**What you should do**. Please show all lines of the records that include "square".

[Material provided]

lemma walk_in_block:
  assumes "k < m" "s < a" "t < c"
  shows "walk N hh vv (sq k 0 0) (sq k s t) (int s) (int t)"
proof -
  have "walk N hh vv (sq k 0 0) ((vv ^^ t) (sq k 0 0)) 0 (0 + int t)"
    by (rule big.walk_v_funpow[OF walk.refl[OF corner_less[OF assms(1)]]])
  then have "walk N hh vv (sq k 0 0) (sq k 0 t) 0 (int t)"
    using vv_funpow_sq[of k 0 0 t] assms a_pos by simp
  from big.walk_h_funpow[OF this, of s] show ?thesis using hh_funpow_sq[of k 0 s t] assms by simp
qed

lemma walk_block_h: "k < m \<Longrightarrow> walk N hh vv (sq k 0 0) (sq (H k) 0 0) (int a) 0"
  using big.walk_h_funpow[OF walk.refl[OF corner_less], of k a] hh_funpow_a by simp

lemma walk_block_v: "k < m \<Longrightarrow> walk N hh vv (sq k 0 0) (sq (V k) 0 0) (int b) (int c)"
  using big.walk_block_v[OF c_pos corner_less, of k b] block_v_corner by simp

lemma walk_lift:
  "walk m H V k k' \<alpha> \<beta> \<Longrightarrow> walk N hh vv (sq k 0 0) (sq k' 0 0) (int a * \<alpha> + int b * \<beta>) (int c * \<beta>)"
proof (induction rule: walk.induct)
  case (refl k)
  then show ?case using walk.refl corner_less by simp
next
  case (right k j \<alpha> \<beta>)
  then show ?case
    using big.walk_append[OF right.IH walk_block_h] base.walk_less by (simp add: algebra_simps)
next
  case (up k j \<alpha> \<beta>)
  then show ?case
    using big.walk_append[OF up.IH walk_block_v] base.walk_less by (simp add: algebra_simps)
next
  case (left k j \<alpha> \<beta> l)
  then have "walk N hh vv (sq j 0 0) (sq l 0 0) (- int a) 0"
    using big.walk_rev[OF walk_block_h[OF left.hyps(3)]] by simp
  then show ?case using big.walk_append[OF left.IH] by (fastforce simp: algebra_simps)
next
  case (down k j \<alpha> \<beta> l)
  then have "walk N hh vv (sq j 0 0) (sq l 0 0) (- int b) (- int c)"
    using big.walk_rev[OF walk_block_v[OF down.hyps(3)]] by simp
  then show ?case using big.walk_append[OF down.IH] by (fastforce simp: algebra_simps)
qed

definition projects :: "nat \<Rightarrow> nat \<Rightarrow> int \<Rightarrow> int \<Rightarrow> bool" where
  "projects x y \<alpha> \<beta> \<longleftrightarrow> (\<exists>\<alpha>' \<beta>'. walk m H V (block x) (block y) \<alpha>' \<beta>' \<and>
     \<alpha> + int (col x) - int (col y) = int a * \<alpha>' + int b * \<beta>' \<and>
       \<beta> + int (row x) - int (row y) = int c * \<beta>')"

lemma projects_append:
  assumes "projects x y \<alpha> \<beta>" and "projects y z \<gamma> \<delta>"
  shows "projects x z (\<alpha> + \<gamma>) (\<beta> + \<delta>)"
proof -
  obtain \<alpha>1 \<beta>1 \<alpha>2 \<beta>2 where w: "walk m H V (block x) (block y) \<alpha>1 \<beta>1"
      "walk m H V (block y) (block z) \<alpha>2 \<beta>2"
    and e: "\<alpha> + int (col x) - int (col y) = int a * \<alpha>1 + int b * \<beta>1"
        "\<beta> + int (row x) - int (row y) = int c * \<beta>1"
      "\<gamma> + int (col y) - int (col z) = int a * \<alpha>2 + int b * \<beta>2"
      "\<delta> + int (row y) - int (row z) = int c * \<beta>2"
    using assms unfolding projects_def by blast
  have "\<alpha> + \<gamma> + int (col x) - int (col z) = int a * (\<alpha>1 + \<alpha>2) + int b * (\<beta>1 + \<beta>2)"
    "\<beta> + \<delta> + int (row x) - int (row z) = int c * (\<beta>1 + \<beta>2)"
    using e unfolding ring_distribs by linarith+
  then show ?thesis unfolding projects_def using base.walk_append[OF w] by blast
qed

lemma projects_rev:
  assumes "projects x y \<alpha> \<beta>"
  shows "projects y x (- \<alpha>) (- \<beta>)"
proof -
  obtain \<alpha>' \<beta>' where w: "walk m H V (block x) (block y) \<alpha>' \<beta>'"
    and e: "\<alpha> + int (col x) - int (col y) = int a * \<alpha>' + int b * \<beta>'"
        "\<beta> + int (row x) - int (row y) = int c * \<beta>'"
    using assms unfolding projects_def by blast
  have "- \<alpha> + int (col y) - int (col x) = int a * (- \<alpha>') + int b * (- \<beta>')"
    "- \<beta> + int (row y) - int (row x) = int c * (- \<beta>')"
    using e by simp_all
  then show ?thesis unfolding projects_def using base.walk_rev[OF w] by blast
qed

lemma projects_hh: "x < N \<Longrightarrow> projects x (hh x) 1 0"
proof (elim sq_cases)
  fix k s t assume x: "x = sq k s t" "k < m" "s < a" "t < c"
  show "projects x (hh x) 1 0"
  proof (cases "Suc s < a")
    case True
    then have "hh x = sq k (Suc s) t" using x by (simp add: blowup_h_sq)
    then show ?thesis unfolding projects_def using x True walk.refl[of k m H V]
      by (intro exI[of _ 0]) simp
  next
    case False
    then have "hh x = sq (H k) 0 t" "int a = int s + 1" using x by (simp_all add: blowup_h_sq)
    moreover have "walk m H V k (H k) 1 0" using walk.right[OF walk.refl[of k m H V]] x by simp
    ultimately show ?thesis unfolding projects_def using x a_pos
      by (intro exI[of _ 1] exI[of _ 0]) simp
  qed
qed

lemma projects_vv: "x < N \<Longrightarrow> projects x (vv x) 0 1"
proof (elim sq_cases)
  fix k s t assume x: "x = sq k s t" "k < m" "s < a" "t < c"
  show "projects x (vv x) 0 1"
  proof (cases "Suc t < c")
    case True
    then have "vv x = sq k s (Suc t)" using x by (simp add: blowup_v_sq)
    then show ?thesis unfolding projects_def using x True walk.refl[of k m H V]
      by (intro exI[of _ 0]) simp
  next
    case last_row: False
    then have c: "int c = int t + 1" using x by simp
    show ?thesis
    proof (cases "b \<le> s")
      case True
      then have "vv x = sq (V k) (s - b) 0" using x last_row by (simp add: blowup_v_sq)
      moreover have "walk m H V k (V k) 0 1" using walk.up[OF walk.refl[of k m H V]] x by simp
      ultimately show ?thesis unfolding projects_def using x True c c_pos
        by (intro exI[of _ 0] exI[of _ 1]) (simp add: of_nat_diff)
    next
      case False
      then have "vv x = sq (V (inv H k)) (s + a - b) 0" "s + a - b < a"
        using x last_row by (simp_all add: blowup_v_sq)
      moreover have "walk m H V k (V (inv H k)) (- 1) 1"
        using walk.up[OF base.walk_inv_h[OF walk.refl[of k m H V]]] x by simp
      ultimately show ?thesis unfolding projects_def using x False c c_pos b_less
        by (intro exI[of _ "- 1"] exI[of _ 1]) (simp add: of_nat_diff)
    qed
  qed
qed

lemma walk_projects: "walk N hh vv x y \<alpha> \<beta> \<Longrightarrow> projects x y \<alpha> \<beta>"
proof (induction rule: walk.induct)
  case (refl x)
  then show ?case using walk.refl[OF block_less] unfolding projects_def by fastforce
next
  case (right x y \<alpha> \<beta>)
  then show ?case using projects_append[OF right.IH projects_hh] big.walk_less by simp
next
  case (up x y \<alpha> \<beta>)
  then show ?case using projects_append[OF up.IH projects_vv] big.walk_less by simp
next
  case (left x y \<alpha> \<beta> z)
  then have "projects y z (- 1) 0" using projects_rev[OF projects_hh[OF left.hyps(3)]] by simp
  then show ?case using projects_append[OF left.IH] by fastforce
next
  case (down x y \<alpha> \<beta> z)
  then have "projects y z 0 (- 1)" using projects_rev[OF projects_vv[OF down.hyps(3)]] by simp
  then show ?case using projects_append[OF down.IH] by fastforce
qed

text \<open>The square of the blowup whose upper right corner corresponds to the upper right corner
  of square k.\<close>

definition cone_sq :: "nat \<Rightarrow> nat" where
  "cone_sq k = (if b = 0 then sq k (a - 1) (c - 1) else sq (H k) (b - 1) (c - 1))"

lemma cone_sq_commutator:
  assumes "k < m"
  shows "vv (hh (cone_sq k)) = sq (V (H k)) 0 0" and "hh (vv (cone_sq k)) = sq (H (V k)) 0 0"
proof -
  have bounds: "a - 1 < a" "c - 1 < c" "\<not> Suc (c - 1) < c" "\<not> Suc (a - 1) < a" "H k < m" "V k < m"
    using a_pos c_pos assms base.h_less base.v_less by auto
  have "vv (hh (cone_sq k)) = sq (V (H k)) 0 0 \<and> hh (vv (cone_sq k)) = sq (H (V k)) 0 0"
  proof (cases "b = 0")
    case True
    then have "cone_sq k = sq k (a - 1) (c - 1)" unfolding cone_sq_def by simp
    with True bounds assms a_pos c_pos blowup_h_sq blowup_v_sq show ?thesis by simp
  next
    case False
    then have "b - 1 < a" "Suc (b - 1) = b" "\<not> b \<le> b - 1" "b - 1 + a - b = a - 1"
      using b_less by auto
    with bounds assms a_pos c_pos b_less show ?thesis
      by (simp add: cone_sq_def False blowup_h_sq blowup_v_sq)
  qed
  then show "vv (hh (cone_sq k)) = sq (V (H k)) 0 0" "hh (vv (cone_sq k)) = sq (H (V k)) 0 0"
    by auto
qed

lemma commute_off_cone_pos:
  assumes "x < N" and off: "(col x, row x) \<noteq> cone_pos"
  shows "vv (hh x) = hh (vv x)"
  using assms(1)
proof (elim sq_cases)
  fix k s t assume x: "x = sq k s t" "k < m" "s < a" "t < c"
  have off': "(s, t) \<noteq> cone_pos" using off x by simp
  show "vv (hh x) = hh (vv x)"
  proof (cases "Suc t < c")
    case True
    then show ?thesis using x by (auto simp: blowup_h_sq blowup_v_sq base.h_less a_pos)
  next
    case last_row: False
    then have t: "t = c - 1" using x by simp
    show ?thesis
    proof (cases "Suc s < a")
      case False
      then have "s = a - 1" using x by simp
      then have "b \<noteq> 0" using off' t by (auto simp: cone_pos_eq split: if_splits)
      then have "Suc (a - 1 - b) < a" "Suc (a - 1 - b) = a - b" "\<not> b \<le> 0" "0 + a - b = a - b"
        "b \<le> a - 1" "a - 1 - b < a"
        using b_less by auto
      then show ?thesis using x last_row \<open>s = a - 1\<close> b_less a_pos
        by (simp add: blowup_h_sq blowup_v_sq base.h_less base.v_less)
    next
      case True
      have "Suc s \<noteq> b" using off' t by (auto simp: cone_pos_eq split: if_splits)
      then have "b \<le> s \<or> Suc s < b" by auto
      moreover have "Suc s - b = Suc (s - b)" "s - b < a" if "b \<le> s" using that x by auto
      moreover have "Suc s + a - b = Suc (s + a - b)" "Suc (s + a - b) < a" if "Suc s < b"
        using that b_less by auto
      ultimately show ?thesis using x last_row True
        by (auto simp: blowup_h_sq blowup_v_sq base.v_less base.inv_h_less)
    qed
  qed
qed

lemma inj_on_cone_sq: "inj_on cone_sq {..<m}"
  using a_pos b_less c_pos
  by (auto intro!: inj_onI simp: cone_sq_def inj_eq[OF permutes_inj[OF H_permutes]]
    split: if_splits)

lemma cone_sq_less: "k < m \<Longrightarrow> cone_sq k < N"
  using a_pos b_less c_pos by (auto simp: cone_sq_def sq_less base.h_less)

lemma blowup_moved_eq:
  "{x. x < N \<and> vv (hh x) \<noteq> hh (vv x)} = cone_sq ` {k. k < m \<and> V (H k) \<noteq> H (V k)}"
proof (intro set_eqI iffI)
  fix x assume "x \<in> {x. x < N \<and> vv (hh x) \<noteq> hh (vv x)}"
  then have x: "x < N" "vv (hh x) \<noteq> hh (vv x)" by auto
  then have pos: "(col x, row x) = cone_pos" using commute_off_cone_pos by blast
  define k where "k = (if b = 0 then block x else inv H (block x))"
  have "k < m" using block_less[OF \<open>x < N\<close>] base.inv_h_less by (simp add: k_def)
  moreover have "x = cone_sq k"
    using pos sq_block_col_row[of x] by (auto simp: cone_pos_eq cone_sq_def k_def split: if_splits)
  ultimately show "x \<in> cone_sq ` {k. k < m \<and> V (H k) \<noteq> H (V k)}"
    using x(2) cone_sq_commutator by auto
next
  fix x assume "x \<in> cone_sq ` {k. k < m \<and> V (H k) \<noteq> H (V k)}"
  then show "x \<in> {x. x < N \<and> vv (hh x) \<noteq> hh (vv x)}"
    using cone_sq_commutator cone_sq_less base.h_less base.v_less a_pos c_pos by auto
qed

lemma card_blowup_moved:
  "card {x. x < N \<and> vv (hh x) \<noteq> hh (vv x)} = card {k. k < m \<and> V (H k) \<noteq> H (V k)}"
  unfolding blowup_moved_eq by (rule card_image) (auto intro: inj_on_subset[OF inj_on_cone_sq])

[/Material provided]
[Material provided]

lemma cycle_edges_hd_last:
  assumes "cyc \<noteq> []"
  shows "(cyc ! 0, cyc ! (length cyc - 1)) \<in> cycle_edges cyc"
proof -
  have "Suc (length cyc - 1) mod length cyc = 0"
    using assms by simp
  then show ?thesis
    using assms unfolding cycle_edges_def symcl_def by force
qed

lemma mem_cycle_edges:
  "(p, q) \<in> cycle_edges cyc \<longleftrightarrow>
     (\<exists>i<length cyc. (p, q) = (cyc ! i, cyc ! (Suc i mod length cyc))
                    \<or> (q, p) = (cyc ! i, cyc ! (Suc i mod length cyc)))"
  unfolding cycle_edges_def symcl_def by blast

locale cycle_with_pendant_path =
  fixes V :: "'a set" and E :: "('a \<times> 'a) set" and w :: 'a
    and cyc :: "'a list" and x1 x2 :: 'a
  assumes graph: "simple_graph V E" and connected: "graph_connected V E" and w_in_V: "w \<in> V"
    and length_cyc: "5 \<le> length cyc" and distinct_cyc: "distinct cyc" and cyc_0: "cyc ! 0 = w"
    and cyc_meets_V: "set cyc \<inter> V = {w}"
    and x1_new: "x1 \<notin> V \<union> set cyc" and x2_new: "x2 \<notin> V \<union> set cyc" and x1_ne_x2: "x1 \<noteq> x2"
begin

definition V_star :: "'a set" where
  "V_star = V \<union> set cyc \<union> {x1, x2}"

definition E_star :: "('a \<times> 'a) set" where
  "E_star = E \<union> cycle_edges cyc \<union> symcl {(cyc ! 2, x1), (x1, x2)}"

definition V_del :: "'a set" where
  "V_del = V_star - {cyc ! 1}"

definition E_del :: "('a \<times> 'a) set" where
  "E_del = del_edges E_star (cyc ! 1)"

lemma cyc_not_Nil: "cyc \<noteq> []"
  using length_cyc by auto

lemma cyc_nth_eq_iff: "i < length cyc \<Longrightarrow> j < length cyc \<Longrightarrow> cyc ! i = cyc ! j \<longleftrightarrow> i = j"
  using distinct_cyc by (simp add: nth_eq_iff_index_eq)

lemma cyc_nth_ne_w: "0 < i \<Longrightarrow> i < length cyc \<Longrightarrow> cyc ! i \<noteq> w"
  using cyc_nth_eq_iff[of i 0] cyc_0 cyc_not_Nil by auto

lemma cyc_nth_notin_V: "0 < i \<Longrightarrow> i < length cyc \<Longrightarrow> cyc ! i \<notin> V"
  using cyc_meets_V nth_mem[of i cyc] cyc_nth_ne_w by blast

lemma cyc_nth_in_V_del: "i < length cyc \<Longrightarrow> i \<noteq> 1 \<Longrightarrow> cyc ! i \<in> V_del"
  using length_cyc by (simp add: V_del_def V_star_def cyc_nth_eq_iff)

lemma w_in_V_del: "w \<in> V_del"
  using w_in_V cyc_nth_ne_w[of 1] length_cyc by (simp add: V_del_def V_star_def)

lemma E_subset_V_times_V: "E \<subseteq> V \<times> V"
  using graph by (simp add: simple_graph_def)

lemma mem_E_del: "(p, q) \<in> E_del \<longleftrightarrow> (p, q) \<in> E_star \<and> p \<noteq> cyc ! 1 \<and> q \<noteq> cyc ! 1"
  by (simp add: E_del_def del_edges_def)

[/Material provided]
[Material provided]

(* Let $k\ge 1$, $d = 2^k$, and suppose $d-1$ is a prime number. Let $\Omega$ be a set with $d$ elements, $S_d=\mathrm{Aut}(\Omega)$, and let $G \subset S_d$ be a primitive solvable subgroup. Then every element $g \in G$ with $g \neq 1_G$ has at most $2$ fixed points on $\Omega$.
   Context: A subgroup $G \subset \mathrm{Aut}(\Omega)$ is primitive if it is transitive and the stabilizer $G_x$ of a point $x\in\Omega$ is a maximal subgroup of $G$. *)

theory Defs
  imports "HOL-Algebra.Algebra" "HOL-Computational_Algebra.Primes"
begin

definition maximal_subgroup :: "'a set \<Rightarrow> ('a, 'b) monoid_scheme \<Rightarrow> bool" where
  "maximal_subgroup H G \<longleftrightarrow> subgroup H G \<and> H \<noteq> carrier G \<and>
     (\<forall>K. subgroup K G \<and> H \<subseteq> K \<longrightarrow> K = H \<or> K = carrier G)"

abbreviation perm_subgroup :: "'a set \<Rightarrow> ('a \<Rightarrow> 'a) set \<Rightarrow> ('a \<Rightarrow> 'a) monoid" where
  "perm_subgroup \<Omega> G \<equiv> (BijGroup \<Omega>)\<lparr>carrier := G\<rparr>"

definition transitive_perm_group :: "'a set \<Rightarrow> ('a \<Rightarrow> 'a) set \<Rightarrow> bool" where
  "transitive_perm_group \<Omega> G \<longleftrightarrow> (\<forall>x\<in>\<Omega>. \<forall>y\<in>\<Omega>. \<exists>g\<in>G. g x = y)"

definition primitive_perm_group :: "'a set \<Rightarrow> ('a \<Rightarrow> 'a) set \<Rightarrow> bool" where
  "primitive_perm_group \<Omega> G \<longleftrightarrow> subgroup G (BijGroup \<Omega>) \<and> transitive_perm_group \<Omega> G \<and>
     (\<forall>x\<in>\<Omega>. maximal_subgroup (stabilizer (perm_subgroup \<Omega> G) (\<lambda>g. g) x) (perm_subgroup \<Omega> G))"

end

[/Material provided]

**Exercise response**.
text \<open>The square of the blowup whose upper right corner corresponds to the upper right corner
  of square k.\<close>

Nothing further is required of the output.